The Redskins like Forbath because he doesn't sweat the small stuff. He's not rattled if Sundberg's snap or Sav Rocca's hold aren't spot-on every time.

''I have a couple of things that I'm thinking about when I'm kicking, and I can't let the other things distract that,'' said Forbath, who, like all NFL kickers, hits the ball soccer-style with the instep of his foot and not the tip. ''When it starts rippling down to, `Oh, no, I'm worried about the snap.' Then `I'm worried about the hold,' then that's when things go wrong.''

Sundberg said youth makes the 25-year-old Forbath less fussy.

''I don't think about anything, and I've talked to him about trying to do the same thing,'' Sundberg said. ''Don't listen to the crowd. Don't listen to anything. Don't listen to Sav. Just when you see the ball, go. And let your muscle memory take over and do what you know your body is capable of doing, and he's done an excellent job of that.''

Forbath's one miscue has been an extra point attempt that was blocked because he kicked it too low. He also is trying to master the art of the kickoff - he's been a field goal specialist for much of his kicking life. He actually changes footwear for kickoffs, wearing a full-cleated version of the very tight shoe instead of the one with the shaved cleats he uses for field goals.

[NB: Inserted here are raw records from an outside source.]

(* For every $n\ge 4$, $w^4(P_n)\ge \lceil n/4\rceil$, where $P_n$ is the path on $n$ vertices.
   Context: All graphs are finite, simple and undirected. For a graph $G$, a permutation $\sigma$ of $V(G)$ is a 2-placement of $G$ if for every edge $ab\in E(G)$, $\sigma(a)\sigma(b)\notin E(G)$. $G^k$ denotes the $k$-th power of $G$ (same vertex set, distinct vertices adjacent iff their distance in $G$ is at most $k$); $\sigma(G)\subseteq G^k$ means that for every edge $ab$ of $G$, $dist_G(\sigma(a),\sigma(b))\le k$. A (surjective) mapping $f:V(G)\to\{1,\dots,p\}$ is a $p$-labeled-packing of $G$ into $G^k$ if there exists a permutation $\sigma$ of $V(G)$ such that $\sigma$ is a 2-placement of $G$, $\sigma(G)\subseteq G^k$, and $f(\sigma(v))=f(v)$ for every vertex $v$. The labeled packing $k$-power number $w^k(G)$ is the maximum $p$ for which $G$ admits a $p$-labeled-packing into $G^k$. *)

theory Defs
  imports Main
begin

text \<open>A finite simple graph is given by a vertex set V and a symmetric, irreflexive
edge relation E (only edges between vertices of V are considered).\<close>

definition edge_rel :: "'a set \<Rightarrow> ('a \<Rightarrow> 'a \<Rightarrow> bool) \<Rightarrow> ('a \<times> 'a) set" where
  "edge_rel V E = {(a, b). a \<in> V \<and> b \<in> V \<and> E a b}"

definition dist_le :: "'a set \<Rightarrow> ('a \<Rightarrow> 'a \<Rightarrow> bool) \<Rightarrow> nat \<Rightarrow> 'a \<Rightarrow> 'a \<Rightarrow> bool" where
  "dist_le V E k a b \<longleftrightarrow> (\<exists>m\<le>k. (a, b) \<in> (edge_rel V E) ^^ m)"

definition two_placement :: "'a set \<Rightarrow> ('a \<Rightarrow> 'a \<Rightarrow> bool) \<Rightarrow> ('a \<Rightarrow> 'a) \<Rightarrow> bool" where
  "two_placement V E \<sigma> \<longleftrightarrow> bij_betw \<sigma> V V \<and>
     (\<forall>a\<in>V. \<forall>b\<in>V. E a b \<longrightarrow> \<not> E (\<sigma> a) (\<sigma> b))"

definition image_in_power :: "'a set \<Rightarrow> ('a \<Rightarrow> 'a \<Rightarrow> bool) \<Rightarrow> nat \<Rightarrow> ('a \<Rightarrow> 'a) \<Rightarrow> bool" where
  "image_in_power V E k \<sigma> \<longleftrightarrow> (\<forall>a\<in>V. \<forall>b\<in>V. E a b \<longrightarrow> dist_le V E k (\<sigma> a) (\<sigma> b))"

definition labeled_packing ::
  "'a set \<Rightarrow> ('a \<Rightarrow> 'a \<Rightarrow> bool) \<Rightarrow> nat \<Rightarrow> nat \<Rightarrow> ('a \<Rightarrow> nat) \<Rightarrow> bool" where
  "labeled_packing V E k p f \<longleftrightarrow> f ` V = {1..p} \<and>
     (\<exists>\<sigma>. two_placement V E \<sigma> \<and> image_in_power V E k \<sigma> \<and> (\<forall>v\<in>V. f (\<sigma> v) = f v))"

definition w_power :: "'a set \<Rightarrow> ('a \<Rightarrow> 'a \<Rightarrow> bool) \<Rightarrow> nat \<Rightarrow> nat" where
  "w_power V E k = (GREATEST p. \<exists>f. labeled_packing V E k p f)"

definition path_V :: "nat \<Rightarrow> nat set" where
  "path_V n = {0..<n}"

definition path_E :: "nat \<Rightarrow> nat \<Rightarrow> nat \<Rightarrow> bool" where
  "path_E n i j \<longleftrightarrow> i < n \<and> j < n \<and> (i + 1 = j \<or> j + 1 = i)"

end

theory Submission
  imports Defs
begin

text \<open>
  Every edge of the path joins two consecutive vertices, so a permutation \<sigma> of the vertices
  is a 2-placement of \<open>P\<^sub>n\<close> into \<open>P\<^sub>n\<^sup>4\<close> as soon as consecutive vertices are sent to vertices
  at distance between 2 and 4. Cut the path into consecutive blocks, each permuted within
  itself and carrying its own label: blocks of four vertices use the pattern 1, 3, 0, 2, and
  the remaining vertices are absorbed by a fixed vertex followed by a block of size 4, 5 or 6
  (patterns 1, 3, 0, 2 / 1, 3, 0, 2, 4 / 1, 3, 5, 2, 0, 4). Where two blocks meet, the images
  are again 2 to 4 apart, and there are \<open>\<lceil>n/4\<rceil>\<close> blocks.
\<close>

lemma path_edge_relpow:
  assumes "a + d < n"
  shows "(a, a + d) \<in> edge_rel (path_V n) (path_E n) ^^ d \<and>
    (a + d, a) \<in> edge_rel (path_V n) (path_E n) ^^ d"
  using assms
proof (induction d)
  case (Suc d)
  let ?R = "edge_rel (path_V n) (path_E n)"
  have "(a + d, a + Suc d) \<in> ?R" "(a + Suc d, a + d) \<in> ?R"
    using Suc.prems by (auto simp: edge_rel_def path_V_def path_E_def)
  moreover have "(a, a + d) \<in> ?R ^^ d" "(a + d, a) \<in> ?R ^^ d"
    using Suc by simp_all
  ultimately show ?case
    by (blast intro: relpow_Suc_I relpow_Suc_I2)
qed simp

lemma dist_le_path:
  assumes "a < n" "b < n" "\<bar>int a - int b\<bar> \<le> int k"
  shows "dist_le (path_V n) (path_E n) k a b"
proof (cases "a \<le> b")
  case True
  then have "(a, a + (b - a)) \<in> edge_rel (path_V n) (path_E n) ^^ (b - a)" "b - a \<le> k"
    using assms(2,3) path_edge_relpow[of a "b - a" n] by auto
  then show ?thesis
    using True by (auto simp: dist_le_def)
next
  case False
  then have "(b + (a - b), b) \<in> edge_rel (path_V n) (path_E n) ^^ (a - b)" "a - b \<le> k"
    using assms(1,3) path_edge_relpow[of b "a - b" n] by auto
  then show ?thesis
    using False by (auto simp: dist_le_def)
qed

lemma labeled_packing_le_w_power:
  assumes "finite V" "labeled_packing V E k p f"
  shows "p \<le> w_power V E k"
  unfolding w_power_def
proof (rule Greatest_le_nat[where b = "card V"])
  show "\<exists>f. labeled_packing V E k p f"
    using assms(2) by blast
  show "q \<le> card V" if "\<exists>f. labeled_packing V E k q f" for q
    using that assms(1) by (metis card_atLeastAtMost card_image_le diff_Suc_1 labeled_packing_def)
qed

definition hop :: "nat \<Rightarrow> nat \<Rightarrow> nat \<Rightarrow> bool" where
  "hop k x y \<longleftrightarrow> 2 \<le> \<bar>int x - int y\<bar> \<and> \<bar>int x - int y\<bar> \<le> int k"

lemma hop_commute: "hop k x y \<longleftrightarrow> hop k y x"
  by (auto simp: hop_def)

lemma hop_add_left [simp]: "hop k (c + x) (c + y) \<longleftrightarrow> hop k x y"
  by (simp add: hop_def)

definition hop_packing :: "nat \<Rightarrow> nat \<Rightarrow> nat \<Rightarrow> (nat \<Rightarrow> nat) \<Rightarrow> (nat \<Rightarrow> nat) \<Rightarrow> bool" where
  "hop_packing k n p \<sigma> f \<longleftrightarrow> \<sigma> ` {0..<n} = {0..<n} \<and> successively (hop k) (map \<sigma> [0..<n]) \<and>
     (\<forall>v<n. f (\<sigma> v) = f v) \<and> f ` {0..<n} = {1..p}"

lemma labeled_packing_path_if_hop_packing:
  assumes "hop_packing k n p \<sigma> f"
  shows "labeled_packing (path_V n) (path_E n) k p f"
proof -
  have image: "\<sigma> ` {0..<n} = {0..<n}" and hops: "successively (hop k) (map \<sigma> [0..<n])"
    and invariant: "\<forall>v<n. f (\<sigma> v) = f v" and labels: "f ` {0..<n} = {1..p}"
    using assms by (simp_all add: hop_packing_def)
  have "inj_on \<sigma> {0..<n}"
    using image by (simp add: inj_on_iff_eq_card)
  with image have bij: "bij_betw \<sigma> {0..<n} {0..<n}"
    by (simp add: bij_betw_def)
  have edge_hop: "hop k (\<sigma> a) (\<sigma> b)" if "path_E n a b" for a b
  proof -
    have "hop k (\<sigma> i) (\<sigma> (Suc i))" if "Suc i < n" for i
      using successively_nth[OF hops] that by simp
    with \<open>path_E n a b\<close> show ?thesis
      unfolding path_E_def by (auto simp: hop_commute)
  qed
  have "\<not> path_E n x y" if "hop k x y" for x y
    using that by (auto simp: path_E_def hop_def)
  with bij edge_hop have "two_placement (path_V n) (path_E n) \<sigma>"
    unfolding two_placement_def path_V_def by blast
  moreover have "image_in_power (path_V n) (path_E n) k \<sigma>"
    unfolding image_in_power_def
  proof (intro ballI impI)
    fix a b assume "a \<in> path_V n" "b \<in> path_V n" "path_E n a b"
    then have "\<sigma> a < n" "\<sigma> b < n" "hop k (\<sigma> a) (\<sigma> b)"
      using image edge_hop by (auto simp: path_V_def)
    then show "dist_le (path_V n) (path_E n) k (\<sigma> a) (\<sigma> b)"
      by (intro dist_le_path) (simp_all add: hop_def)
  qed
  ultimately show ?thesis
    using invariant labels by (auto simp: labeled_packing_def path_V_def)
qed

text \<open>The same combinator concatenates permutations (\<open>c = a\<close>) and labellings (\<open>c\<close> = number
  of labels used by the first piece).\<close>

definition glue :: "nat \<Rightarrow> nat \<Rightarrow> (nat \<Rightarrow> nat) \<Rightarrow> (nat \<Rightarrow> nat) \<Rightarrow> nat \<Rightarrow> nat" where
  "glue a c g h v = (if v < a then g v else c + h (v - a))"

lemma image_glue:
  "glue a c g h ` {0..<a + b} = g ` {0..<a} \<union> (+) c ` h ` {0..<b}"
proof -
  have "(+) c ` h ` {0..<b} = (\<lambda>v. c + h (v - a)) ` (\<lambda>v. v + a) ` {0..<b}"
    by (simp only: image_image) simp
  also have "\<dots> = glue a c g h ` {a..<a + b}"
    by (rule image_cong) (simp_all add: glue_def add.commute)
  finally have "glue a c g h ` {a..<a + b} = (+) c ` h ` {0..<b}" ..
  moreover have "glue a c g h ` {0..<a} = g ` {0..<a}"
    by (rule image_cong) (simp_all add: glue_def)
  moreover have "{0..<a + b} = {0..<a} \<union> {a..<a + b}"
    by auto
  ultimately show ?thesis
    by (simp only: image_Un)
qed

lemma map_glue_upt:
  "map (glue a c g h) [0..<a + b] = map g [0..<a] @ map (\<lambda>v. c + h v) [0..<b]"
proof -
  have "[a..<a + b] = map (\<lambda>v. v + a) [0..<b]"
    by (simp add: map_add_upt add.commute)
  then show ?thesis
    by (simp add: upt_add_eq_append[of 0] glue_def)
qed

lemma hop_packing_glue:
  assumes "hop_packing k a p \<sigma> f" "hop_packing k b q \<tau> g" "0 < a" "0 < b"
    and "hop k (\<sigma> (a - 1)) (a + \<tau> 0)"
  shows "hop_packing k (a + b) (p + q) (glue a a \<sigma> \<tau>) (glue a p f g)"
  unfolding hop_packing_def
proof (intro conjI allI impI)
  have images: "\<sigma> ` {0..<a} = {0..<a}" "\<tau> ` {0..<b} = {0..<b}"
    "f ` {0..<a} = {1..p}" "g ` {0..<b} = {1..q}"
    using assms(1,2) by (simp_all add: hop_packing_def)
  show "glue a a \<sigma> \<tau> ` {0..<a + b} = {0..<a + b}"
    unfolding image_glue images by (auto simp: image_iff)
  show "glue a p f g ` {0..<a + b} = {1..p + q}"
    unfolding image_glue images by (auto simp: image_iff)
  have "successively (hop k) (map \<sigma> [0..<a])"
    "successively (hop k) (map (\<lambda>v. a + \<tau> v) [0..<b])"
    using assms(1,2) by (simp_all add: hop_packing_def successively_map)
  moreover have "last (map \<sigma> [0..<a]) = \<sigma> (a - 1)" "hd (map (\<lambda>v. a + \<tau> v) [0..<b]) = a + \<tau> 0"
    using assms(3,4) by (simp_all add: last_map hd_map)
  ultimately show "successively (hop k) (map (glue a a \<sigma> \<tau>) [0..<a + b])"
    using assms(5) by (simp add: map_glue_upt successively_append_iff)
next
  fix v assume "v < a + b"
  moreover have "\<sigma> ` {0..<a} \<subseteq> {0..<a}" "\<tau> ` {0..<b} \<subseteq> {0..<b}"
    "\<forall>v<a. f (\<sigma> v) = f v" "\<forall>v<b. g (\<tau> v) = g v"
    using assms(1,2) by (simp_all add: hop_packing_def)
  ultimately show "glue a p f g (glue a a \<sigma> \<tau> v) = glue a p f g v"
    by (auto simp: glue_def image_subset_iff)
qed

lemma hop_packing_block:
  assumes "length P = n" "set P = {0..<n}" "successively (hop k) P" "0 < n"
  shows "hop_packing k n 1 ((!) P) (\<lambda>_. 1)"
proof -
  have "map ((!) P) [0..<n] = P"
    by (metis assms(1) map_nth)
  then have "(!) P ` {0..<n} = set P"
    by (metis set_map set_upt)
  with \<open>map ((!) P) [0..<n] = P\<close> show ?thesis
    using assms by (simp add: hop_packing_def map_nth image_constant_conv)
qed

lemma hop_packing_blocks:
  "hop_packing 4 1 1 ((!) [0]) (\<lambda>_. 1)"
  "hop_packing 4 4 1 ((!) [1, 3, 0, 2]) (\<lambda>_. 1)"
  "hop_packing 4 5 1 ((!) [1, 3, 0, 2, 4]) (\<lambda>_. 1)"
  "hop_packing 4 6 1 ((!) [1, 3, 5, 2, 0, 4]) (\<lambda>_. 1)"
  by (rule hop_packing_block; auto simp: hop_def atLeast0LessThan lessThan_nat_numeral)+

text \<open>The invariant \<open>\<sigma> 0 \<le> 1\<close> is what allows a block 1, 3, 0, 2, which ends at 2, to be
  glued in front.\<close>

lemma ex_hop_packing:
  assumes "4 \<le> n"
  shows "\<exists>\<sigma> f. hop_packing 4 n ((n + 3) div 4) \<sigma> f \<and> \<sigma> 0 \<le> 1"
  using assms
proof (induction n rule: less_induct)
  case (less n)
  consider "n = 4" | "n = 5 \<or> n = 6 \<or> n = 7" | "8 \<le> n"
    using less.prems by linarith
  then show ?case
  proof cases
    case 1
    show ?thesis
    proof (intro exI conjI)
      show "hop_packing 4 n ((n + 3) div 4) ((!) [1, 3, 0, 2]) (\<lambda>_. 1)"
        using 1 hop_packing_blocks(2) by simp
    qed simp
  next
    case 2
    obtain P where P: "hop_packing 4 (n - 1) 1 ((!) P) (\<lambda>_. 1)" "P ! 0 = 1"
      using 2 hop_packing_blocks(2-4) by fastforce
    have "hop_packing 4 (1 + (n - 1)) (1 + 1) (glue 1 1 ((!) [0]) ((!) P)) (glue 1 1 (\<lambda>_. 1) (\<lambda>_. 1))"
      using 2 P by (intro hop_packing_glue[OF hop_packing_blocks(1)]) (auto simp: hop_def)
    moreover have "1 + (n - 1) = n" "1 + 1 = (n + 3) div 4"
      using 2 by auto
    ultimately show ?thesis
      by (metis glue_def less_one nth_Cons_0 order.refl zero_le)
  next
    case 3
    have "\<exists>\<sigma> f. hop_packing 4 (n - 4) ((n - 4 + 3) div 4) \<sigma> f \<and> \<sigma> 0 \<le> 1"
      using 3 by (intro less.IH) auto
    then obtain \<sigma> f where IH: "hop_packing 4 (n - 4) ((n - 4 + 3) div 4) \<sigma> f" "\<sigma> 0 \<le> 1"
      by blast
    have "hop_packing 4 (4 + (n - 4)) (1 + (n - 4 + 3) div 4)
        (glue 4 4 ((!) [1, 3, 0, 2]) \<sigma>) (glue 4 1 (\<lambda>_. 1) f)"
      using 3 IH by (intro hop_packing_glue[OF hop_packing_blocks(2)]) (auto simp: hop_def)
    moreover have "4 + (n - 4) = n" "1 + (n - 4 + 3) div 4 = (n + 3) div 4"
      using 3 by auto
    ultimately show ?thesis
      by (metis glue_def nth_Cons_0 order.refl zero_less_numeral)
  qed
qed

theorem corollary1p2:
  fixes n :: nat
  assumes "n \<ge> 4"
  shows "w_power (path_V n) (path_E n) 4 \<ge> (n + 3) div 4"
proof -
  obtain \<sigma> f where "hop_packing 4 n ((n + 3) div 4) \<sigma> f"
    using ex_hop_packing[OF assms] by blast
  then have "labeled_packing (path_V n) (path_E n) 4 ((n + 3) div 4) f"
    by (rule labeled_packing_path_if_hop_packing)
  then show ?thesis
    by (intro labeled_packing_le_w_power) (simp_all add: path_V_def)
qed

end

Forbath admits his kickoffs still need work.

''It's just something you've got to get comfortable with, in a groove, and we're working towards that right now,'' he said.

But there's no doubt he's in a groove when it comes to the other part of his game. His latest big kick was a 48-yarder that helped stave off the Cowboys in the 38-31 win on Thanksgiving day.

''You have to feel confident every time you go out there,'' said Forbath, whose parents lived in Hawaii and named him after the Hawaiian word for ''ocean.'' ''If you start doubting a kick, that's when things tend to go wrong.''

Notes: LT Trent Williams played much of the Cowboys game with a deep thigh bruise in his left leg and did not practice Monday. ... The Redskins placed rookie LB Keenan Robinson on injured reserve and signed LB Roddrick Muckelroy. Robinson tore a pectoral muscle against the Cowboys and will have surgery this week. Muckelroy has played in 19 games with the Cincinnati Bengals. He missed all of last season with a ruptured Achilles.